_Your instructions_.
After locating the line with "1) * \<rho> - 1))" in the data that follows, return it and every later line exactly, up to and including the line with "using k \<rho> by".

Collected data
━━━━━━━━━━━━━━━━
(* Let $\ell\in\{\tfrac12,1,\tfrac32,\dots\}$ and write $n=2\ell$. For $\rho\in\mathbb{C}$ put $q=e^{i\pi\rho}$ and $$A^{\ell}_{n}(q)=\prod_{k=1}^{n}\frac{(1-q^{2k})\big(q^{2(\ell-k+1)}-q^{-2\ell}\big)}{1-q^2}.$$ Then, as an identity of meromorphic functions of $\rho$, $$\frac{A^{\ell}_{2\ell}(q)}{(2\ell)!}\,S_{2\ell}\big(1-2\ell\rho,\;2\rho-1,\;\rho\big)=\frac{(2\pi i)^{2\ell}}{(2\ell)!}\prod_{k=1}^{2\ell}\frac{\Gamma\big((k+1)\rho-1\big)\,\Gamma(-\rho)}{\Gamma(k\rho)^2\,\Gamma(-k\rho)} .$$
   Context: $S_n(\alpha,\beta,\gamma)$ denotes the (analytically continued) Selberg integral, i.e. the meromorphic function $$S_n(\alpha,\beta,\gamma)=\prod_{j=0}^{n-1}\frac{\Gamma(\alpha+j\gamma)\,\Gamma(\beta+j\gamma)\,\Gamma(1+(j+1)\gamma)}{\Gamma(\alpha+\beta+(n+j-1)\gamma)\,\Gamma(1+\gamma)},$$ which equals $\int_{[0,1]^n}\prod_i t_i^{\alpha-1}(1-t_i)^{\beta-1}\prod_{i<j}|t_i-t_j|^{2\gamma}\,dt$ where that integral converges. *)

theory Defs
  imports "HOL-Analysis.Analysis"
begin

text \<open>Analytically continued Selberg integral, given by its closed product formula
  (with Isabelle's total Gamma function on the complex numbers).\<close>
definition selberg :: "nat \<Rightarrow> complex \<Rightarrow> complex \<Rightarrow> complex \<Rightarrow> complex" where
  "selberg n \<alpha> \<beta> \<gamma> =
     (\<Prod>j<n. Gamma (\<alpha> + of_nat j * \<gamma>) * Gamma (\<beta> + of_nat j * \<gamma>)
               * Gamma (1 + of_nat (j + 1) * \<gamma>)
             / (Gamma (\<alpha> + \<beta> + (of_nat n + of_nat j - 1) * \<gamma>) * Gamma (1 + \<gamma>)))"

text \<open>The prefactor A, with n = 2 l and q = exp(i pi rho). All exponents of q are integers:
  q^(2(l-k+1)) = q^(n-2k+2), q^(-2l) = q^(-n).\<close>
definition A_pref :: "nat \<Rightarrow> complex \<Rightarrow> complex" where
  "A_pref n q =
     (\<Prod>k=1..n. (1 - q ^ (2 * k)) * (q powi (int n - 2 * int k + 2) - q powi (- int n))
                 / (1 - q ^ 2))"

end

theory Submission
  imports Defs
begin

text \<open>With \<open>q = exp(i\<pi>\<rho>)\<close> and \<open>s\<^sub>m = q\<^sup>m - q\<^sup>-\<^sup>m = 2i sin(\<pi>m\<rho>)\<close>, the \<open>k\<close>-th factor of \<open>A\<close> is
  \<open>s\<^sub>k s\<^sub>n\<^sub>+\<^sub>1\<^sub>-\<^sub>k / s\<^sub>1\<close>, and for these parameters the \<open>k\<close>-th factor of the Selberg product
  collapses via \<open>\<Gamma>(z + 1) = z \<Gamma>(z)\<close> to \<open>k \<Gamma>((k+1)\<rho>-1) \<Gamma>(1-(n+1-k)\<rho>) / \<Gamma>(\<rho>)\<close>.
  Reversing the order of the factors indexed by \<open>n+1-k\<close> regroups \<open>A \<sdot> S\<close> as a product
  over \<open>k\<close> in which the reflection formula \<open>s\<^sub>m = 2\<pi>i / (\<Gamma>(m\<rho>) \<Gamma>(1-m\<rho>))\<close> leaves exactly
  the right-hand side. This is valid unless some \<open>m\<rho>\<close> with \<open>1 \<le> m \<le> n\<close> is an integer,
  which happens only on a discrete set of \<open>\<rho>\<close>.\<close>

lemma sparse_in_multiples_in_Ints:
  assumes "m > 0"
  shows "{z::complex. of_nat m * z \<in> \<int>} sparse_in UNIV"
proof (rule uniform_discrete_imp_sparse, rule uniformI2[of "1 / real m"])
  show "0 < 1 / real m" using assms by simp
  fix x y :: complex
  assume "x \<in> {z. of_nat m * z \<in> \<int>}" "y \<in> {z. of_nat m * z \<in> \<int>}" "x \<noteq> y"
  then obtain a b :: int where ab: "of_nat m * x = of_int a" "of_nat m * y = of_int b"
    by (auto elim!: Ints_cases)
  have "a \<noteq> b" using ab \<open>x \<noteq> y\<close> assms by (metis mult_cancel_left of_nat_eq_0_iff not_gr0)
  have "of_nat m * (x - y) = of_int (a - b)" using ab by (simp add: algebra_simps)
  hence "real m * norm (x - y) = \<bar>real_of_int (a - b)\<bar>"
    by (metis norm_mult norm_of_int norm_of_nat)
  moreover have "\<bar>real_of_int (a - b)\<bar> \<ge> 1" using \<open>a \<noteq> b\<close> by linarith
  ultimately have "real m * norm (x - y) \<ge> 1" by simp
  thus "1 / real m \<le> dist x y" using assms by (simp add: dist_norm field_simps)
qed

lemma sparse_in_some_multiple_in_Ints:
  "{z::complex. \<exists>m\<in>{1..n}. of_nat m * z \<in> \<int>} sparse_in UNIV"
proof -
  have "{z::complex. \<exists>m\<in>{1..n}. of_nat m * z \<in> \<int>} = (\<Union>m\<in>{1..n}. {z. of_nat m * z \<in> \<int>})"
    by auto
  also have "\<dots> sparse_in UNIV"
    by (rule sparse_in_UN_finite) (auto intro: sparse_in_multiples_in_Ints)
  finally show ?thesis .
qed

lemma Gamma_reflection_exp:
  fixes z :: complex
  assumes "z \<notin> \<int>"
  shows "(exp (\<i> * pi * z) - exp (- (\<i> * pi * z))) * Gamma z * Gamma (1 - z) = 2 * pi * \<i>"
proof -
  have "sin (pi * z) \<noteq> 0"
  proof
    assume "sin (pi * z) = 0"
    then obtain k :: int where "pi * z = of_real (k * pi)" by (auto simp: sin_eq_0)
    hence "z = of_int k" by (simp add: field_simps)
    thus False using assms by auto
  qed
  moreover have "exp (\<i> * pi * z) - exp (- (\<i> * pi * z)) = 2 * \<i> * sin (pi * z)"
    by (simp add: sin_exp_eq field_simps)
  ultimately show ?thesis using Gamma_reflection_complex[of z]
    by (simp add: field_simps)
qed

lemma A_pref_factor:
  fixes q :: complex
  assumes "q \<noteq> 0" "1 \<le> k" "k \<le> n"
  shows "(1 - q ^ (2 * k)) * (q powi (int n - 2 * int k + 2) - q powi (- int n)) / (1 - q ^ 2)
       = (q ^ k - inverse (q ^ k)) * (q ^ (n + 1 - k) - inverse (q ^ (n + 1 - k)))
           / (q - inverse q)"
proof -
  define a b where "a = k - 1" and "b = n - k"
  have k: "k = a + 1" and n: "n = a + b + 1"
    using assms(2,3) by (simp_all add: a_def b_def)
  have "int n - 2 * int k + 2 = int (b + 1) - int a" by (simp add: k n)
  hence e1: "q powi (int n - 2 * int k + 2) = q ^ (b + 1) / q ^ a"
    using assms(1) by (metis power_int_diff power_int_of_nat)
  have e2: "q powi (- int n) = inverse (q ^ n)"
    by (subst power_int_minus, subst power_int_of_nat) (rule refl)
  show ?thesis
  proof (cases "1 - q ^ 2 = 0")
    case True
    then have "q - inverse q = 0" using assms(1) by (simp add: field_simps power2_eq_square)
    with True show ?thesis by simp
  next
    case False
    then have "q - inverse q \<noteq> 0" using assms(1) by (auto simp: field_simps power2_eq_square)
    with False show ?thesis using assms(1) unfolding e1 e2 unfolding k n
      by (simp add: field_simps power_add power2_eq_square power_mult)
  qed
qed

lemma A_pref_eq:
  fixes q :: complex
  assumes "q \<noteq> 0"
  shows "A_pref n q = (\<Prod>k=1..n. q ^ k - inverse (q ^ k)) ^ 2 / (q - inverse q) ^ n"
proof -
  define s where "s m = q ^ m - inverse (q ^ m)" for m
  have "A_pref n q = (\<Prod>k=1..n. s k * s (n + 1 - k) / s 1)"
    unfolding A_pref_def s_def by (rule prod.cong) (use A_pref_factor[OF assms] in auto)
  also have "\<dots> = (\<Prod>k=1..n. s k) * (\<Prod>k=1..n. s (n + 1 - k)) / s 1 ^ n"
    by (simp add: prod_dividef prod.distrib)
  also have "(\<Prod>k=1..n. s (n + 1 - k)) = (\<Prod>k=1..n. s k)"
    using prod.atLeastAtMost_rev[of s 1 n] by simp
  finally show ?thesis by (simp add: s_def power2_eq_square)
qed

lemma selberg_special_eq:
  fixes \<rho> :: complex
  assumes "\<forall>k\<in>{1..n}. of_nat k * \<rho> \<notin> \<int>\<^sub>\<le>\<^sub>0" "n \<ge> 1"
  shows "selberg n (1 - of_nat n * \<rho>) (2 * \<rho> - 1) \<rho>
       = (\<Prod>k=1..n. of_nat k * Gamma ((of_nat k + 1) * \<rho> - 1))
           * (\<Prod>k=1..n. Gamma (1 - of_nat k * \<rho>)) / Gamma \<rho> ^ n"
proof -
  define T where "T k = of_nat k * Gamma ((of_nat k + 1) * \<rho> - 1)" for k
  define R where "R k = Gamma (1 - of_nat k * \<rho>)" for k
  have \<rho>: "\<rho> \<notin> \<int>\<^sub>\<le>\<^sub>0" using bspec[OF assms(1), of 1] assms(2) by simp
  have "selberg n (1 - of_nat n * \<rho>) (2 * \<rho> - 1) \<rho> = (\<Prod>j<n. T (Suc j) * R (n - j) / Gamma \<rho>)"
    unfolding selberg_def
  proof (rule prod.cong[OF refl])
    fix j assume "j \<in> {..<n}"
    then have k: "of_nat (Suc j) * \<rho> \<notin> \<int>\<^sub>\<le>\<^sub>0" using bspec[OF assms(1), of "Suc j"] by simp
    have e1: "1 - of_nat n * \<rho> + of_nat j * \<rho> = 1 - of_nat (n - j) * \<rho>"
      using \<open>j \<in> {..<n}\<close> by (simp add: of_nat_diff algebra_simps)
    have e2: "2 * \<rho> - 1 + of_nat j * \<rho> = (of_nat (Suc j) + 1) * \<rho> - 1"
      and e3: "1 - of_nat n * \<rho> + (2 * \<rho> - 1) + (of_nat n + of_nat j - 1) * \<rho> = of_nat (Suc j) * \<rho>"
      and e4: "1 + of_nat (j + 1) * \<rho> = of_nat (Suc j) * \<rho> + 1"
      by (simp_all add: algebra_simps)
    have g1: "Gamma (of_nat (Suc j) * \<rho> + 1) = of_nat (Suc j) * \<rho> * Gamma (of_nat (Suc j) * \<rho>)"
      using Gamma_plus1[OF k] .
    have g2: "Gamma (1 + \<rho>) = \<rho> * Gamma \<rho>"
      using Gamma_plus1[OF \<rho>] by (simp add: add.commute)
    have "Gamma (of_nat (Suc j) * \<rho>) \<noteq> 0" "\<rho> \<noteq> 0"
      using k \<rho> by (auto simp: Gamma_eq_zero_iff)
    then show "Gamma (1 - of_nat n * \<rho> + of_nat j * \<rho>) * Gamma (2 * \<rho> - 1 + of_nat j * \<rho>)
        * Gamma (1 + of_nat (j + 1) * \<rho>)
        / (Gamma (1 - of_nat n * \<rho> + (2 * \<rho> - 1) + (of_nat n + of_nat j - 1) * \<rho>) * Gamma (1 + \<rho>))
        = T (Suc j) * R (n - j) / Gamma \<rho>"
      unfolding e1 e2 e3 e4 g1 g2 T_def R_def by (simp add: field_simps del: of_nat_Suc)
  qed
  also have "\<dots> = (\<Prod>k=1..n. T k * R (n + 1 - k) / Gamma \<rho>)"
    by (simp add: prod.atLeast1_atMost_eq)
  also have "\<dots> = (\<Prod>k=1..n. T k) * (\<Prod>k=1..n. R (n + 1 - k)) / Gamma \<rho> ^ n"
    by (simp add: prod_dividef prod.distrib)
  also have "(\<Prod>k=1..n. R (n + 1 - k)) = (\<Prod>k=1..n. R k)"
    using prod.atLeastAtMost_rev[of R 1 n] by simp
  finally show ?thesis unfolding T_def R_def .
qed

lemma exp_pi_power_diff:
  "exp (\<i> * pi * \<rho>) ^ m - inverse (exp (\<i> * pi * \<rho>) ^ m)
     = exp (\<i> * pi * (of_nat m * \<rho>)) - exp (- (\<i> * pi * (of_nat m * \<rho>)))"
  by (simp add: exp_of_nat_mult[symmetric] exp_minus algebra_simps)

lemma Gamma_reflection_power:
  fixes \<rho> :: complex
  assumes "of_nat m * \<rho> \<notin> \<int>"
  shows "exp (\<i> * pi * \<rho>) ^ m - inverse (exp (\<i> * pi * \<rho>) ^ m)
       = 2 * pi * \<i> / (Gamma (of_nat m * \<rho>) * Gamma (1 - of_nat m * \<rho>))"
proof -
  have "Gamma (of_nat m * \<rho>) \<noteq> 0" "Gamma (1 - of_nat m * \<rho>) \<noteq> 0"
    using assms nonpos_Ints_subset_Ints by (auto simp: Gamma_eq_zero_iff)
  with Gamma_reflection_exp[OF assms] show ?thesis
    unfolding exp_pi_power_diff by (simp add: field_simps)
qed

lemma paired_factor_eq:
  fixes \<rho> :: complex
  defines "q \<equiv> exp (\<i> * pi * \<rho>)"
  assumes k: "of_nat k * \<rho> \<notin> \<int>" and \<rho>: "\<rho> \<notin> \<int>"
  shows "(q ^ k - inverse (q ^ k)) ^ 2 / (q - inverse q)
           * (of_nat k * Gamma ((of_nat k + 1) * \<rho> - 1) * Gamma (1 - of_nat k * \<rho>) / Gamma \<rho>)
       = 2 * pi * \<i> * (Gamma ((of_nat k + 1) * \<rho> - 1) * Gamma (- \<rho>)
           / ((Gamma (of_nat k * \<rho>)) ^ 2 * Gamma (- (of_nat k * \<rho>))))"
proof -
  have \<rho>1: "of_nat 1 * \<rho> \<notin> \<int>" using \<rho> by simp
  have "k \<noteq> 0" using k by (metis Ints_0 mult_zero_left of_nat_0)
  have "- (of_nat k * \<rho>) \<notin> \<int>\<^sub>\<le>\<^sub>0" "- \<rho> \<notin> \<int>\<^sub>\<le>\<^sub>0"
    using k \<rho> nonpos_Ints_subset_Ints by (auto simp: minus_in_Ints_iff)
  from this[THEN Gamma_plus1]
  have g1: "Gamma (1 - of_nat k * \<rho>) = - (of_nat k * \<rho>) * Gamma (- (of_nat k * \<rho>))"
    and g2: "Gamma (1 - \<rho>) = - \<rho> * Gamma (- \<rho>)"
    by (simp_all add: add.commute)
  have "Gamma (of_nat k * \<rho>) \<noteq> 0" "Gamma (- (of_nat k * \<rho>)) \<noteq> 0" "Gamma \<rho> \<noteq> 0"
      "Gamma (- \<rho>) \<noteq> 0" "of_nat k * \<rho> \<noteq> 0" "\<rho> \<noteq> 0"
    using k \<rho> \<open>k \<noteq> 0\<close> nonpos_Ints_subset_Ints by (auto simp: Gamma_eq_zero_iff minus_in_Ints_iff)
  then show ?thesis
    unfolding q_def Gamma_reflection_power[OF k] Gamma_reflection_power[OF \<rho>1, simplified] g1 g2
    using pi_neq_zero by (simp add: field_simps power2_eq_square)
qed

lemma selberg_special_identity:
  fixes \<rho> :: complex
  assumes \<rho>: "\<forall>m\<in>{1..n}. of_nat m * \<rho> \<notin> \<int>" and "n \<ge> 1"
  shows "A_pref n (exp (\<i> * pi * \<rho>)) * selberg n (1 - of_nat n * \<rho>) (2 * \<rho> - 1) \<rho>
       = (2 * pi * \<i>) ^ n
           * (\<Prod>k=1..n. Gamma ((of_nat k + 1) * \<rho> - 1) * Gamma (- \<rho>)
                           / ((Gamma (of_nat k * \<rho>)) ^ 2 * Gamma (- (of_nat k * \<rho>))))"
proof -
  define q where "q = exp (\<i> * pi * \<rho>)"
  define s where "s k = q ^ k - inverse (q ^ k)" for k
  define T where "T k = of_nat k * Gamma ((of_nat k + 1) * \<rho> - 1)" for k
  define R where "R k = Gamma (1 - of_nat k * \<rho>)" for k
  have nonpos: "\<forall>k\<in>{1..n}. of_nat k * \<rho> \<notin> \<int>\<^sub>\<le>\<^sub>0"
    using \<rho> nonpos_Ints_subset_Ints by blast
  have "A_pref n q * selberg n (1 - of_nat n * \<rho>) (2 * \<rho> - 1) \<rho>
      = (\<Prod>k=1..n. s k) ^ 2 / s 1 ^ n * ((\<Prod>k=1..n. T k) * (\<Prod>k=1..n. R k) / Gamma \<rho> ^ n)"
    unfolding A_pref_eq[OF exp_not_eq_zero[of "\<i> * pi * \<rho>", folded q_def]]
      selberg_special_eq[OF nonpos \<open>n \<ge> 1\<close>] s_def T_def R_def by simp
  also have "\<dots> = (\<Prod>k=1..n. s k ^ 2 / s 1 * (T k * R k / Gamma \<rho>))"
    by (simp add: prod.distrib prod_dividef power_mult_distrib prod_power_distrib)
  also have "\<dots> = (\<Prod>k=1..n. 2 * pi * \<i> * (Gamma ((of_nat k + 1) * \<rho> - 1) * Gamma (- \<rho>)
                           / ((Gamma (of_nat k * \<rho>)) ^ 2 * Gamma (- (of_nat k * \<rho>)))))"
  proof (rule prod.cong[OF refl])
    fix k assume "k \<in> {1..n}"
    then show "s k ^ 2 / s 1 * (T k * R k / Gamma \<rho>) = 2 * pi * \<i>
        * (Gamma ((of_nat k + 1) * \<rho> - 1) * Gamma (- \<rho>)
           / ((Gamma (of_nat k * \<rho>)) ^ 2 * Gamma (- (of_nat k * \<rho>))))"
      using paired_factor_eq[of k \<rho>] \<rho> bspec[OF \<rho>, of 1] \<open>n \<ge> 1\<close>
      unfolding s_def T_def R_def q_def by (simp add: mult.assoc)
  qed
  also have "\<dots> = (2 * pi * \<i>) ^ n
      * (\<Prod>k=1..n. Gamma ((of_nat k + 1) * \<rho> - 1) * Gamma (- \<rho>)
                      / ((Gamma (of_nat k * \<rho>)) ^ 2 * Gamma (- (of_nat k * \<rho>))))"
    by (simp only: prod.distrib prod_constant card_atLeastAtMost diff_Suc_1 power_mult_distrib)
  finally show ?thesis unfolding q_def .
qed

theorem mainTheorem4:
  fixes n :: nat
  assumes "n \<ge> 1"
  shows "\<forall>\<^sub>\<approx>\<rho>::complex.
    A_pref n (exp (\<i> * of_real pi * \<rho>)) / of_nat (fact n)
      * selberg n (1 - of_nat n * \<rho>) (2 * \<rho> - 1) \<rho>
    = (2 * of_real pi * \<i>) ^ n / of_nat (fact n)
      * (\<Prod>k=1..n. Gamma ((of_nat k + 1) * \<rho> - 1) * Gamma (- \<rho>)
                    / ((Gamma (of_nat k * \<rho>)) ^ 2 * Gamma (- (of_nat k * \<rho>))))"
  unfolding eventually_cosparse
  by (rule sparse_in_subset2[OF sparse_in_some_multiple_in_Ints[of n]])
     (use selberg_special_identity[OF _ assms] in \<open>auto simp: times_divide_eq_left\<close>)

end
━━━━━━━━━━━━━━━━
_Solution for this task_.
       = (\<Prod>k=1..n. of_nat k * Gamma ((of_nat k + 1) * \<rho> - 1))
           * (\<Prod>k=1..n. Gamma (1 - of_nat k * \<rho>)) / Gamma \<rho> ^ n"
proof -
  define T where "T k = of_nat k * Gamma ((of_nat k + 1) * \<rho> - 1)" for k
  define R where "R k = Gamma (1 - of_nat k * \<rho>)" for k
  have \<rho>: "\<rho> \<notin> \<int>\<^sub>\<le>\<^sub>0" using bspec[OF assms(1), of 1] assms(2) by simp
  have "selberg n (1 - of_nat n * \<rho>) (2 * \<rho> - 1) \<rho> = (\<Prod>j<n. T (Suc j) * R (n - j) / Gamma \<rho>)"
    unfolding selberg_def
  proof (rule prod.cong[OF refl])
    fix j assume "j \<in> {..<n}"
    then have k: "of_nat (Suc j) * \<rho> \<notin> \<int>\<^sub>\<le>\<^sub>0" using bspec[OF assms(1), of "Suc j"] by simp
    have e1: "1 - of_nat n * \<rho> + of_nat j * \<rho> = 1 - of_nat (n - j) * \<rho>"
      using \<open>j \<in> {..<n}\<close> by (simp add: of_nat_diff algebra_simps)
    have e2: "2 * \<rho> - 1 + of_nat j * \<rho> = (of_nat (Suc j) + 1) * \<rho> - 1"
      and e3: "1 - of_nat n * \<rho> + (2 * \<rho> - 1) + (of_nat n + of_nat j - 1) * \<rho> = of_nat (Suc j) * \<rho>"
      and e4: "1 + of_nat (j + 1) * \<rho> = of_nat (Suc j) * \<rho> + 1"
      by (simp_all add: algebra_simps)
    have g1: "Gamma (of_nat (Suc j) * \<rho> + 1) = of_nat (Suc j) * \<rho> * Gamma (of_nat (Suc j) * \<rho>)"
      using Gamma_plus1[OF k] .
    have g2: "Gamma (1 + \<rho>) = \<rho> * Gamma \<rho>"
      using Gamma_plus1[OF \<rho>] by (simp add: add.commute)
    have "Gamma (of_nat (Suc j) * \<rho>) \<noteq> 0" "\<rho> \<noteq> 0"
      using k \<rho> by (auto simp: Gamma_eq_zero_iff)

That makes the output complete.